__Assignment__: Copy out the full set of records. Keep every word the same.

::: Data for the task :::

(* Let $\mathscr{A}$ be a quiver over a nonempty set of vertices $\Lambda$ and let $\sigma\colon \mathscr{A}\otimes\mathscr{A}\to\mathscr{A}\otimes\mathscr{A}$, $\sigma(x,y)=(x\rightharpoonup y,\,x\leftharpoonup y)$, be an involutive left-non-degenerate quiver-theoretic Yang--Baxter map. For $x,y\in\mathscr{A}$ with $\mathfrak{s}(x)=\mathfrak{s}(y)$ put $x\star y:=(x\rightharpoonup\cdot)^{-1}(y)$. Let $j\colon\mathscr{A}\to\mathscr{C}(\sigma)$ send $s\in\mathscr{A}$ to the class of the length-one path $s$. Then $j$ is injective, and the structure category $\mathscr{C}(\sigma)$: (i) satisfies a quadratic isoperimetric inequality with respect to the presentation $\mathscr{C}(\sigma)=\langle \mathscr{A}\mid x|(x\star y)\sim y|(y\star x)\text{ for all }x\neq y\in\mathscr{A}\text{ with }\mathfrak{s}(x)=\mathfrak{s}(y)\rangle^+$; (ii) has no nontrivial invertible elements; (iii) is left-cancellative; (iv) admits unique conditional right-lcms, and the complementation is given by $\star$, i.e. for distinct $x,y\in\mathscr{A}$ with the same source, $j(x)j(x\star y)=j(y)j(y\star x)$ is the right-lcm of $j(x)$ and $j(y)$; (v) is Noetherian; (vi) has as atoms exactly the elements of $j(\mathscr{A})$; (vii) has a Garside family $E$ given by the closure of $j(\mathscr{A})$ under right-lcms, and $E$ is the smallest Garside family of $\mathscr{C}(\sigma)$ containing $j(\mathscr{A})$ and all identity elements.
   Context: A quiver over $\Lambda$ is a set $\mathscr{A}$ of arrows with source and target maps $\mathfrak{s},\mathfrak{t}\colon\mathscr{A}\to\Lambda$; $\mathscr{A}(\lambda,\Lambda)$ denotes the arrows with source $\lambda$ and $\mathscr{A}(\Lambda,\mu)$ those with target $\mu$. $\mathscr{A}\otimes\mathscr{A}$ is the quiver of composable pairs $(x,y)$ (written $x|y$), $\mathfrak{t}(x)=\mathfrak{s}(y)$, with source $\mathfrak{s}(x)$ and target $\mathfrak{t}(y)$; a morphism of quivers over $\Lambda$ preserves sources and targets. A (quiver-theoretic) Yang--Baxter map is a morphism $\sigma\colon\mathscr{A}\otimes\mathscr{A}\to\mathscr{A}\otimes\mathscr{A}$ of quivers over $\Lambda$ with $(\sigma\otimes\mathrm{id})(\mathrm{id}\otimes\sigma)(\sigma\otimes\mathrm{id})=(\mathrm{id}\otimes\sigma)(\sigma\otimes\mathrm{id})(\mathrm{id}\otimes\sigma)$ on composable triples. It is involutive if $\sigma^2=\mathrm{id}$, and left-non-degenerate if for every $x$ the map $x\rightharpoonup\cdot\colon\mathscr{A}(\mathfrak{t}(x),\Lambda)\to\mathscr{A}(\mathfrak{s}(x),\Lambda)$ is bijective. The structure category $\mathscr{C}(\sigma)$ is the category presented by generators $\mathscr{A}$ and relations $x|y\sim(x\rightharpoonup y)|(x\leftharpoonup y)$ for all composable $x|y$, i.e. the path category of $\mathscr{A}$ modulo the congruence generated by these relations (composition written left to right). In a category, $x$ left-divides $y$ if $y=xz$; a right-lcm of $x,y$ is a common right-multiple $xu=yv$ left-dividing every common right-multiple; conditional right-lcms means any two elements with a common right-multiple have a right-lcm. An atom is an element which in every factorization has exactly one non-invertible factor. Noetherian: the proper factor relation ($x\subset y$ iff $y=y'xy''$ with $y'$ or $y''$ non-invertible) is well-founded. A presentation satisfies a quadratic isoperimetric inequality if there is a constant $C$ such that any two paths of lengths $r,s$ representing the same element are connected by at most $C(r+s)^2$ elementary steps each replacing a subpath by the other side of a relation. For a left-cancellative category $\mathscr{C}$ and a subfamily $\mathscr{S}$, let $\mathscr{S}^\sharp=\mathscr{S}\mathscr{C}^\times\cup\mathscr{C}^\times$ ($\mathscr{C}^\times$ the invertible elements); a path $x|y$ is $\mathscr{S}$-greedy if for all $s\in\mathscr{S}$ and $c$ with $\mathfrak{t}(c)=\mathfrak{s}(x)$, $s$ left-divides $cxy$ implies $s$ left-divides $cx$; a path $x_1|\dots|x_r$ is $\mathscr{S}$-normal if all $x_i|x_{i+1}$ are $\mathscr{S}$-greedy and all $x_i\in\mathscr{S}^\sharp$; $\mathscr{S}$ is a Garside family if every element of $\mathscr{C}$ is a product $x_1\cdots x_r$ with $x_1|\dots|x_r$ $\mathscr{S}$-normal. *)

theory Defs
  imports Complex_Main
begin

:::

__Expected output__:
(* Let $\mathscr{A}$ be a quiver over a nonempty set of vertices $\Lambda$ and let $\sigma\colon \mathscr{A}\otimes\mathscr{A}\to\mathscr{A}\otimes\mathscr{A}$, $\sigma(x,y)=(x\rightharpoonup y,\,x\leftharpoonup y)$, be an involutive left-non-degenerate quiver-theoretic Yang--Baxter map. For $x,y\in\mathscr{A}$ with $\mathfrak{s}(x)=\mathfrak{s}(y)$ put $x\star y:=(x\rightharpoonup\cdot)^{-1}(y)$. Let $j\colon\mathscr{A}\to\mathscr{C}(\sigma)$ send $s\in\mathscr{A}$ to the class of the length-one path $s$. Then $j$ is injective, and the structure category $\mathscr{C}(\sigma)$: (i) satisfies a quadratic isoperimetric inequality with respect to the presentation $\mathscr{C}(\sigma)=\langle \mathscr{A}\mid x|(x\star y)\sim y|(y\star x)\text{ for all }x\neq y\in\mathscr{A}\text{ with }\mathfrak{s}(x)=\mathfrak{s}(y)\rangle^+$; (ii) has no nontrivial invertible elements; (iii) is left-cancellative; (iv) admits unique conditional right-lcms, and the complementation is given by $\star$, i.e. for distinct $x,y\in\mathscr{A}$ with the same source, $j(x)j(x\star y)=j(y)j(y\star x)$ is the right-lcm of $j(x)$ and $j(y)$; (v) is Noetherian; (vi) has as atoms exactly the elements of $j(\mathscr{A})$; (vii) has a Garside family $E$ given by the closure of $j(\mathscr{A})$ under right-lcms, and $E$ is the smallest Garside family of $\mathscr{C}(\sigma)$ containing $j(\mathscr{A})$ and all identity elements.
   Context: A quiver over $\Lambda$ is a set $\mathscr{A}$ of arrows with source and target maps $\mathfrak{s},\mathfrak{t}\colon\mathscr{A}\to\Lambda$; $\mathscr{A}(\lambda,\Lambda)$ denotes the arrows with source $\lambda$ and $\mathscr{A}(\Lambda,\mu)$ those with target $\mu$. $\mathscr{A}\otimes\mathscr{A}$ is the quiver of composable pairs $(x,y)$ (written $x|y$), $\mathfrak{t}(x)=\mathfrak{s}(y)$, with source $\mathfrak{s}(x)$ and target $\mathfrak{t}(y)$; a morphism of quivers over $\Lambda$ preserves sources and targets. A (quiver-theoretic) Yang--Baxter map is a morphism $\sigma\colon\mathscr{A}\otimes\mathscr{A}\to\mathscr{A}\otimes\mathscr{A}$ of quivers over $\Lambda$ with $(\sigma\otimes\mathrm{id})(\mathrm{id}\otimes\sigma)(\sigma\otimes\mathrm{id})=(\mathrm{id}\otimes\sigma)(\sigma\otimes\mathrm{id})(\mathrm{id}\otimes\sigma)$ on composable triples. It is involutive if $\sigma^2=\mathrm{id}$, and left-non-degenerate if for every $x$ the map $x\rightharpoonup\cdot\colon\mathscr{A}(\mathfrak{t}(x),\Lambda)\to\mathscr{A}(\mathfrak{s}(x),\Lambda)$ is bijective. The structure category $\mathscr{C}(\sigma)$ is the category presented by generators $\mathscr{A}$ and relations $x|y\sim(x\rightharpoonup y)|(x\leftharpoonup y)$ for all composable $x|y$, i.e. the path category of $\mathscr{A}$ modulo the congruence generated by these relations (composition written left to right). In a category, $x$ left-divides $y$ if $y=xz$; a right-lcm of $x,y$ is a common right-multiple $xu=yv$ left-dividing every common right-multiple; conditional right-lcms means any two elements with a common right-multiple have a right-lcm. An atom is an element which in every factorization has exactly one non-invertible factor. Noetherian: the proper factor relation ($x\subset y$ iff $y=y'xy''$ with $y'$ or $y''$ non-invertible) is well-founded. A presentation satisfies a quadratic isoperimetric inequality if there is a constant $C$ such that any two paths of lengths $r,s$ representing the same element are connected by at most $C(r+s)^2$ elementary steps each replacing a subpath by the other side of a relation. For a left-cancellative category $\mathscr{C}$ and a subfamily $\mathscr{S}$, let $\mathscr{S}^\sharp=\mathscr{S}\mathscr{C}^\times\cup\mathscr{C}^\times$ ($\mathscr{C}^\times$ the invertible elements); a path $x|y$ is $\mathscr{S}$-greedy if for all $s\in\mathscr{S}$ and $c$ with $\mathfrak{t}(c)=\mathfrak{s}(x)$, $s$ left-divides $cxy$ implies $s$ left-divides $cx$; a path $x_1|\dots|x_r$ is $\mathscr{S}$-normal if all $x_i|x_{i+1}$ are $\mathscr{S}$-greedy and all $x_i\in\mathscr{S}^\sharp$; $\mathscr{S}$ is a Garside family if every element of $\mathscr{C}$ is a product $x_1\cdots x_r$ with $x_1|\dots|x_r$ $\mathscr{S}$-normal. *)

theory Defs
  imports Complex_Main
begin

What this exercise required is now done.